(* Let $\alpha,\gamma\in(0,1)$, $f\in C^1[0,1]$ with $f(0)=0$, $h=\dot f$, $D\in C^1[0,1]$ with $D>0$ on $(0,\alpha)$ and $D<0$ on $(\alpha,1)$, $g\in C^0[0,1]$ with $g<0$ on $(0,\gamma)$, $g>0$ on $(\gamma,1)$, $g(0)=g(\gamma)=g(1)=0$, and $q=Dg$. Let $c\in\mathbb R$ and assume one of the following: (a) Problem (P) has a solution and either (i) $\alpha\ne\gamma$, or (ii) $\alpha=\gamma$ and condition (G2) holds; (b) Problem (P') has a solution $z$ with $z(\gamma)=0$, $\alpha<\gamma$, and condition (G2) holds. Then the equation $\rho_t+f(\rho)_x=(D(\rho)\rho_x)_x+g(\rho)$ admits a wavefront with speed $c$ whose profile $\phi$ satisfies $\phi(-\infty)=1$, $\phi(+\infty)=0$.
   Context: Condition (G2): there are $L>0$ and $\tau\in(0,1)$ with $|g(\phi)|\ge L|\phi-\gamma|^\tau$ in a full neighborhood of $\gamma$. Problem (P): find $z\in C^0[0,1]\cap C^1((0,1)\setminus\{\alpha\})$ with $\dot z=h-c-q/z$ on $(0,\alpha)\cup(\alpha,1)$, $z<0$ on $(0,\alpha)$, $z>0$ on $(\alpha,1)$, $z(0)=z(\alpha)=z(1)=0$. Problem (P'): find $z\in C^0[0,1]\cap C^1((0,1)\setminus\{\alpha,\gamma\})$ with $\dot z=h-c-q/z$ on $(0,\alpha)\cup(\alpha,\gamma)\cup(\gamma,1)$, $z<0$ on $(0,\alpha)$, $z>0$ on $(\alpha,\gamma)\cup(\gamma,1)$, $z(0)=z(\alpha)=z(1)=0$. A wavefront with speed $c$ and profile $\phi$: $\phi\in C(\mathbb R)$ with values in $[0,1]$, differentiable a.e., $D(\phi)\phi'\in L^1_{\rm loc}$, monotone non-constant, with $\int_{\mathbb R}(D(\phi)\phi'-f(\phi)+c\phi)\psi'-g(\phi)\psi\,d\xi=0$ for all $\psi\in C_0^\infty(\mathbb R)$. *)

theory Defs
  imports "HOL-Analysis.Analysis"
begin

definition C1_01 :: "(real \<Rightarrow> real) \<Rightarrow> (real \<Rightarrow> real) \<Rightarrow> bool" where
  "C1_01 F F' \<longleftrightarrow> (\<forall>x\<in>{0..1}. (F has_real_derivative F' x) (at x within {0..1}))
                   \<and> continuous_on {0..1} F'"

definition C1_ode_on :: "real set \<Rightarrow> (real \<Rightarrow> real) \<Rightarrow> (real \<Rightarrow> real) \<Rightarrow> real \<Rightarrow> (real \<Rightarrow> real) \<Rightarrow> bool" where
  "C1_ode_on S z h c q \<longleftrightarrow> (\<forall>s\<in>S. z differentiable (at s)) \<and> continuous_on S (deriv z)
      \<and> (\<forall>s\<in>S. deriv z s = h s - c - q s / z s)"

definition problem_P :: "(real \<Rightarrow> real) \<Rightarrow> real \<Rightarrow> (real \<Rightarrow> real) \<Rightarrow> real \<Rightarrow> (real \<Rightarrow> real) \<Rightarrow> bool" where
  "problem_P h c q \<alpha> z \<longleftrightarrow> continuous_on {0..1} z
      \<and> C1_ode_on ({0<..<1} - {\<alpha>}) z h c q
      \<and> (\<forall>s\<in>{0<..<\<alpha>}. z s < 0) \<and> (\<forall>s\<in>{\<alpha><..<1}. z s > 0)
      \<and> z 0 = 0 \<and> z \<alpha> = 0 \<and> z 1 = 0"

definition problem_P' :: "(real \<Rightarrow> real) \<Rightarrow> real \<Rightarrow> (real \<Rightarrow> real) \<Rightarrow> real \<Rightarrow> real \<Rightarrow> (real \<Rightarrow> real) \<Rightarrow> bool" where
  "problem_P' h c q \<alpha> \<gamma> z \<longleftrightarrow> continuous_on {0..1} z
      \<and> C1_ode_on ({0<..<1} - {\<alpha>, \<gamma>}) z h c q
      \<and> (\<forall>s\<in>{0<..<\<alpha>}. z s < 0) \<and> (\<forall>s\<in>({\<alpha><..<\<gamma>} \<union> {\<gamma><..<1}). z s > 0)
      \<and> z 0 = 0 \<and> z \<alpha> = 0 \<and> z 1 = 0"

definition cond_G2 :: "(real \<Rightarrow> real) \<Rightarrow> real \<Rightarrow> bool" where
  "cond_G2 g \<gamma> \<longleftrightarrow> (\<exists>L \<tau> \<delta>. L > 0 \<and> 0 < \<tau> \<and> \<tau> < 1 \<and> \<delta> > 0 \<and>
      (\<forall>u. \<bar>u - \<gamma>\<bar> < \<delta> \<longrightarrow> \<bar>g u\<bar> \<ge> L * \<bar>u - \<gamma>\<bar> powr \<tau>))"

definition test_fun :: "(real \<Rightarrow> real) \<Rightarrow> bool" where
  "test_fun \<psi> \<longleftrightarrow> (\<forall>k x. (deriv ^^ k) \<psi> differentiable (at x))
      \<and> (\<exists>R. \<forall>x. R < \<bar>x\<bar> \<longrightarrow> \<psi> x = 0)"

text \<open>Wavefront (weak sense) with speed c and profile \<phi> for
  rho_t + f(rho)_x = (D(rho) rho_x)_x + g(rho). The a.e. derivative of \<phi> is deriv \<phi>.\<close>
definition wavefront :: "(real \<Rightarrow> real) \<Rightarrow> (real \<Rightarrow> real) \<Rightarrow> (real \<Rightarrow> real) \<Rightarrow> real \<Rightarrow> (real \<Rightarrow> real) \<Rightarrow> bool" where
  "wavefront f D g c \<phi> \<longleftrightarrow>
      continuous_on UNIV \<phi> \<and> (\<forall>\<xi>. \<phi> \<xi> \<in> {0..1})
    \<and> (AE \<xi> in lebesgue. \<phi> differentiable (at \<xi>))
    \<and> (\<forall>a b. set_integrable lebesgue {a..b} (\<lambda>\<xi>. D (\<phi> \<xi>) * deriv \<phi> \<xi>))
    \<and> (mono \<phi> \<or> antimono \<phi>) \<and> \<not> (\<exists>k. \<forall>\<xi>. \<phi> \<xi> = k)
    \<and> (\<forall>\<psi>. test_fun \<psi> \<longrightarrow>
         (let F = (\<lambda>\<xi>. (D (\<phi> \<xi>) * deriv \<phi> \<xi> - f (\<phi> \<xi>) + c * \<phi> \<xi>) * deriv \<psi> \<xi> - g (\<phi> \<xi>) * \<psi> \<xi>)
          in integrable lebesgue F \<and> (\<integral>\<xi>. F \<xi> \<partial>lebesgue) = 0))"

end

theory Submission
  imports Defs
begin

text \<open>The profile is the inverse of a primitive X of D/z: along a front,
  \<open>D(\<phi>)\<phi>' = z(\<phi>)\<close>, and the ODE for z says exactly that \<open>z(\<phi>) - f(\<phi>) + c\<phi>\<close> has
  derivative \<open>-g(\<phi>)\<close>, which is the weak form of the equation. On each interval where z
  has no zero, D/z is negative, so X is strictly decreasing; the pieces glue to one
  decreasing function on (0,1) provided each piece stays bounded at the zeros of z.
  At \<open>\<alpha>\<close>, where D vanishes too, D/z is controlled through the lower bound
  \<open>|g(u)| \<ge> L|u - \<alpha>|\<^sup>\<tau>\<close> (automatic when \<open>g(\<alpha>) \<noteq> 0\<close>); at a zero \<open>\<gamma>\<close> of z
  with \<open>D(\<gamma>) < 0\<close> the same bound forces z to grow like \<open>|u - \<gamma>|\<^sup>\<beta>\<close>
  with \<open>\<beta> < 1\<close>, so D/z is integrable.\<close>

section \<open>Differential inequalities\<close>

lemma nonpos_if_deriv_nonpos_where_pos:
  fixes p :: "real \<Rightarrow> real"
  assumes "a \<le> b" and cont: "continuous_on {a..b} p" and "p a \<le> 0"
    and deriv: "\<And>x. x \<in> {a<..<b} \<Longrightarrow> 0 < p x \<Longrightarrow> \<exists>y. (p has_real_derivative y) (at x) \<and> y \<le> 0"
  shows "p b \<le> 0"
proof (rule ccontr)
  assume pb: "\<not> p b \<le> 0"
  define S where "S = {t \<in> {a..b}. p t \<le> 0}"
  have "closed S"
    unfolding S_def
    using continuous_on_closed_Collect_le[OF cont continuous_on_const closed_atLeastAtMost, of 0] by simp
  moreover have "bounded S" unfolding S_def by (rule bounded_subset[of "{a..b}"]) auto
  moreover have "a \<in> S" using assms by (simp add: S_def)
  ultimately obtain t0 where t0: "t0 \<in> S" and last: "\<And>t. t \<in> S \<Longrightarrow> t \<le> t0"
    using compact_attains_sup[of S] compact_eq_bounded_closed by blast
  have t0b: "a \<le> t0" "t0 \<le> b" "p t0 \<le> 0" using t0 by (auto simp: S_def)
  have pos: "0 < p t" if "t0 < t" "t \<le> b" for t
    using last[of t] that t0b by (force simp: S_def)
  have "p b \<le> p t0"
  proof (rule DERIV_nonpos_imp_decreasing_open[OF t0b(2)])
    show "continuous_on {t0..b} p" by (rule continuous_on_subset[OF cont]) (use t0b in auto)
    fix x assume "t0 < x" "x < b"
    then show "\<exists>y. (p has_real_derivative y) (at x) \<and> y \<le> 0"
      using deriv[of x] pos[of x] t0b by simp
  qed
  with t0b pb show False by simp
qed

lemma continuous_on_nonvanishing_sign:
  fixes a :: "real \<Rightarrow> real"
  assumes cont: "continuous_on {l<..<r} a" and nz: "\<And>t. t \<in> {l<..<r} \<Longrightarrow> a t \<noteq> 0"
  obtains e where "e = 1 \<or> e = -1" "\<And>t. t \<in> {l<..<r} \<Longrightarrow> \<bar>a t\<bar> = e * a t"
proof -
  have conn: "connected (a ` {l<..<r})" by (rule connected_continuous_image[OF cont]) simp
  have "(\<forall>t\<in>{l<..<r}. 0 < a t) \<or> (\<forall>t\<in>{l<..<r}. a t < 0)"
  proof (rule ccontr)
    assume "\<not> ?thesis"
    then obtain x y where xy: "x \<in> {l<..<r}" "y \<in> {l<..<r}" "a x \<le> 0" "0 \<le> a y"
      by (auto simp: not_less)
    then have "0 \<in> a ` {l<..<r}"
      using connectedD_interval[OF conn, of "a x" "a y" 0] by blast
    then show False using nz by auto
  qed
  then show ?thesis
    using that[of 1] that[of "-1"] by (auto simp: abs_of_pos abs_of_neg)
qed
++++
Your answer must consist solely of the lines above between the line holding "then obtain x" and the line holding "then show ?thesis", inclusive, copied exactly.

Your solution
    then obtain x y where xy: "x \<in> {l<..<r}" "y \<in> {l<..<r}" "a x \<le> 0" "0 \<le> a y"
      by (auto simp: not_less)
    then have "0 \<in> a ` {l<..<r}"
      using connectedD_interval[OF conn, of "a x" "a y" 0] by blast
    then show False using nz by auto
  qed
  then show ?thesis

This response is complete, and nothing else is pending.